(* Let $G$ be a graph of order $n\geq 3$ such that $d(u)+d(v)\geq n-1$ for every pair of non-adjacent vertices $u,v\in V(G)$. Then $prc(G)=\chi'(G)$.
   Context: A path in an edge-coloured graph is a rainbow path if its edges receive pairwise distinct colours. The proper rainbow connection number $prc(G)$ of a connected graph is the minimum number of colours in a proper edge-colouring (adjacent edges get distinct colours) such that every two distinct vertices are joined by a rainbow path. $\chi'(G)$ is the chromatic index; $d(u)$ is the degree of $u$. *)

theory Defs
  imports Main
begin

definition simple_graph :: "'a set \<Rightarrow> 'a set set \<Rightarrow> bool" where
  "simple_graph V E \<longleftrightarrow> finite V \<and> (\<forall>e\<in>E. \<exists>u v. e = {u, v} \<and> u \<in> V \<and> v \<in> V \<and> u \<noteq> v)"

definition degree :: "'a set \<Rightarrow> 'a set set \<Rightarrow> 'a \<Rightarrow> nat" where
  "degree V E u = card {v \<in> V. {u, v} \<in> E}"

definition is_path :: "'a set \<Rightarrow> 'a set set \<Rightarrow> 'a list \<Rightarrow> bool" where
  "is_path V E p \<longleftrightarrow> p \<noteq> [] \<and> set p \<subseteq> V \<and> distinct p \<and>
     (\<forall>i. Suc i < length p \<longrightarrow> {p ! i, p ! Suc i} \<in> E)"

definition rainbow_path :: "'a set \<Rightarrow> 'a set set \<Rightarrow> ('a set \<Rightarrow> nat) \<Rightarrow> 'a list \<Rightarrow> bool" where
  "rainbow_path V E c p \<longleftrightarrow> is_path V E p \<and>
     inj_on (\<lambda>i. c {p ! i, p ! Suc i}) {i. Suc i < length p}"

definition proper_edge_colouring :: "'a set set \<Rightarrow> ('a set \<Rightarrow> nat) \<Rightarrow> nat \<Rightarrow> bool" where
  "proper_edge_colouring E c k \<longleftrightarrow> (\<forall>e\<in>E. c e < k) \<and>
     (\<forall>e\<in>E. \<forall>f\<in>E. e \<noteq> f \<and> e \<inter> f \<noteq> {} \<longrightarrow> c e \<noteq> c f)"

definition rainbow_connected :: "'a set \<Rightarrow> 'a set set \<Rightarrow> ('a set \<Rightarrow> nat) \<Rightarrow> bool" where
  "rainbow_connected V E c \<longleftrightarrow> (\<forall>u\<in>V. \<forall>v\<in>V. u \<noteq> v \<longrightarrow>
     (\<exists>p. rainbow_path V E c p \<and> hd p = u \<and> last p = v))"

definition chromatic_index :: "'a set set \<Rightarrow> nat" where
  "chromatic_index E = (LEAST k. \<exists>c. proper_edge_colouring E c k)"

definition proper_rainbow_connection_number :: "'a set \<Rightarrow> 'a set set \<Rightarrow> nat" where
  "proper_rainbow_connection_number V E =
     (LEAST k. \<exists>c. proper_edge_colouring E c k \<and> rainbow_connected V E c)"

end

theory Submission
  imports Defs
begin

text \<open>The degree condition forces any two non-adjacent vertices to have a common
  neighbour, i.e. the graph has diameter at most two. In a proper edge colouring the
  two edges of a path of length two meet, so they get distinct colours: every proper
  edge colouring is rainbow connecting, and the two minima defining \<open>prc(G)\<close> and
  \<open>\<chi>'(G)\<close> range over the same colourings.\<close>

lemma simple_graph_no_loop:
  assumes "simple_graph V E"
  shows "{x, x} \<notin> E"
  using assms unfolding simple_graph_def by (metis doubleton_eq_iff)

lemma simple_graph_edge_in_vertices:
  assumes "simple_graph V E" and "{u, v} \<in> E"
  shows "u \<in> V" and "v \<in> V"
  using assms unfolding simple_graph_def by (metis doubleton_eq_iff)+

lemma degree_sum_imp_common_neighbour:
  assumes sg: "simple_graph V E"
    and u: "u \<in> V" and v: "v \<in> V" and "u \<noteq> v" and non_adj: "{u, v} \<notin> E"
    and deg: "degree V E u + degree V E v \<ge> card V - 1"
  obtains w where "w \<in> V" "{u, w} \<in> E" "{w, v} \<in> E"
proof (rule ccontr)
  assume no_common: "\<not> thesis"
  have fin: "finite V" using sg by (simp add: simple_graph_def)
  define N\<^sub>u where "N\<^sub>u = {x \<in> V. {u, x} \<in> E}"
  define N\<^sub>v where "N\<^sub>v = {x \<in> V. {v, x} \<in> E}"
  have N_sub: "N\<^sub>u \<union> N\<^sub>v \<subseteq> V - {u, v}"
    unfolding N\<^sub>u_def N\<^sub>v_def using simple_graph_no_loop[OF sg] non_adj
    by (auto simp: insert_commute)
  have "N\<^sub>u \<inter> N\<^sub>v = {}"
    using no_common that unfolding N\<^sub>u_def N\<^sub>v_def by (auto simp: insert_commute)
  then have "card N\<^sub>u + card N\<^sub>v = card (N\<^sub>u \<union> N\<^sub>v)"
    using fin by (simp add: card_Un_disjoint N\<^sub>u_def N\<^sub>v_def)
  also have "\<dots> \<le> card (V - {u, v})"
    using N_sub fin by (intro card_mono) auto
  also have "\<dots> = card V - 2"
    using u v \<open>u \<noteq> v\<close> fin by (simp add: card_Diff_subset)
  finally show False
    using deg \<open>u \<noteq> v\<close> u v fin card_mono[of V "{u, v}"]
    unfolding degree_def N\<^sub>u_def N\<^sub>v_def by auto
qed

lemma rainbow_path_edge:
  assumes sg: "simple_graph V E" and uv: "{u, v} \<in> E"
  shows "rainbow_path V E c [u, v]"
proof -
  have "u \<noteq> v" using simple_graph_no_loop[OF sg] uv by metis
  moreover have "\<forall>i. Suc i < length [u, v] \<longrightarrow> {[u, v] ! i, [u, v] ! Suc i} \<in> E"
    using uv by (auto simp: less_Suc_eq)
  moreover have "{i. Suc i < length [u, v]} = {0}" by auto
  ultimately show ?thesis
    using simple_graph_edge_in_vertices[OF sg uv]
    by (simp add: rainbow_path_def is_path_def)
qed

lemma rainbow_path_two_edges:
  assumes sg: "simple_graph V E" and c: "proper_edge_colouring E c k"
    and uw: "{u, w} \<in> E" and wv: "{w, v} \<in> E" and "u \<noteq> v"
  shows "rainbow_path V E c [u, w, v]"
proof -
  have "u \<noteq> w" "w \<noteq> v" using simple_graph_no_loop[OF sg] uw wv by metis+
  have "{u, w} \<noteq> {w, v}" using \<open>u \<noteq> v\<close> by (auto simp: doubleton_eq_iff)
  moreover have "{u, w} \<inter> {w, v} \<noteq> {}" by blast
  ultimately have colours: "c {u, w} \<noteq> c {w, v}"
    using c uw wv unfolding proper_edge_colouring_def by simp
  have edges: "\<forall>i. Suc i < length [u, w, v] \<longrightarrow> {[u, w, v] ! i, [u, w, v] ! Suc i} \<in> E"
    using uw wv by (auto simp: less_Suc_eq)
  have "{i. Suc i < length [u, w, v]} = {0, 1}" by (auto simp: less_Suc_eq)
  then show ?thesis
    using simple_graph_edge_in_vertices[OF sg uw] simple_graph_edge_in_vertices[OF sg wv]
      \<open>u \<noteq> v\<close> \<open>u \<noteq> w\<close> \<open>w \<noteq> v\<close> edges colours
    by (simp add: rainbow_path_def is_path_def)
qed

lemma proper_edge_colouring_rainbow_connected_if_diameter_le_2:
  assumes sg: "simple_graph V E" and c: "proper_edge_colouring E c k"
    and diam: "\<And>u v. u \<in> V \<Longrightarrow> v \<in> V \<Longrightarrow> u \<noteq> v \<Longrightarrow> {u, v} \<notin> E \<Longrightarrow>
                 \<exists>w. {u, w} \<in> E \<and> {w, v} \<in> E"
  shows "rainbow_connected V E c"
  unfolding rainbow_connected_def
proof (intro ballI impI)
  fix u v assume "u \<in> V" "v \<in> V" "u \<noteq> v"
  show "\<exists>p. rainbow_path V E c p \<and> hd p = u \<and> last p = v"
  proof (cases "{u, v} \<in> E")
    case True
    then show ?thesis using rainbow_path_edge[OF sg] by fastforce
  next
    case False
    then obtain w where "{u, w} \<in> E" "{w, v} \<in> E"
      using diam \<open>u \<in> V\<close> \<open>v \<in> V\<close> \<open>u \<noteq> v\<close> by blast
    then show ?thesis using rainbow_path_two_edges[OF sg c _ _ \<open>u \<noteq> v\<close>] by fastforce
  qed
qed

lemma proper_rainbow_connection_number_eq_chromatic_index:
  assumes "\<And>c k. proper_edge_colouring E c k \<Longrightarrow> rainbow_connected V E c"
  shows "proper_rainbow_connection_number V E = chromatic_index E"
  unfolding proper_rainbow_connection_number_def chromatic_index_def
  using assms by metis

theorem proposition5p9:
  fixes V :: "'a set" and E :: "'a set set"
  assumes "simple_graph V E"
    and "card V \<ge> 3"
    and "\<forall>u\<in>V. \<forall>v\<in>V. u \<noteq> v \<and> {u, v} \<notin> E \<longrightarrow> degree V E u + degree V E v \<ge> card V - 1"
  shows "proper_rainbow_connection_number V E = chromatic_index E"
proof (rule proper_rainbow_connection_number_eq_chromatic_index)
  fix c k assume "proper_edge_colouring E c k"
  moreover have "\<exists>w. {u, w} \<in> E \<and> {w, v} \<in> E"
    if "u \<in> V" "v \<in> V" "u \<noteq> v" "{u, v} \<notin> E" for u v
    using degree_sum_imp_common_neighbour[OF assms(1) that] assms(3) that by blast
  ultimately show "rainbow_connected V E c"
    using proper_edge_colouring_rainbow_connected_if_diameter_le_2[OF assms(1)] by blast
qed

end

-=-=-=-=-

**About this task:**
Please, from the material above, copy only the lines from the line with "unfolding N\<^sub>u_def N\<^sub>v_def using" up to and including the line with "[u, v] \<longrightarrow>", exactly as written.

**Response to this exercise:**
    unfolding N\<^sub>u_def N\<^sub>v_def using simple_graph_no_loop[OF sg] non_adj
    by (auto simp: insert_commute)
  have "N\<^sub>u \<inter> N\<^sub>v = {}"
    using no_common that unfolding N\<^sub>u_def N\<^sub>v_def by (auto simp: insert_commute)
  then have "card N\<^sub>u + card N\<^sub>v = card (N\<^sub>u \<union> N\<^sub>v)"
    using fin by (simp add: card_Un_disjoint N\<^sub>u_def N\<^sub>v_def)
  also have "\<dots> \<le> card (V - {u, v})"
    using N_sub fin by (intro card_mono) auto
  also have "\<dots> = card V - 2"
    using u v \<open>u \<noteq> v\<close> fin by (simp add: card_Diff_subset)
  finally show False
    using deg \<open>u \<noteq> v\<close> u v fin card_mono[of V "{u, v}"]
    unfolding degree_def N\<^sub>u_def N\<^sub>v_def by auto
qed

lemma rainbow_path_edge:
  assumes sg: "simple_graph V E" and uv: "{u, v} \<in> E"
  shows "rainbow_path V E c [u, v]"
proof -
  have "u \<noteq> v" using simple_graph_no_loop[OF sg] uv by metis
  moreover have "\<forall>i. Suc i < length [u, v] \<longrightarrow> {[u, v] ! i, [u, v] ! Suc i} \<in> E"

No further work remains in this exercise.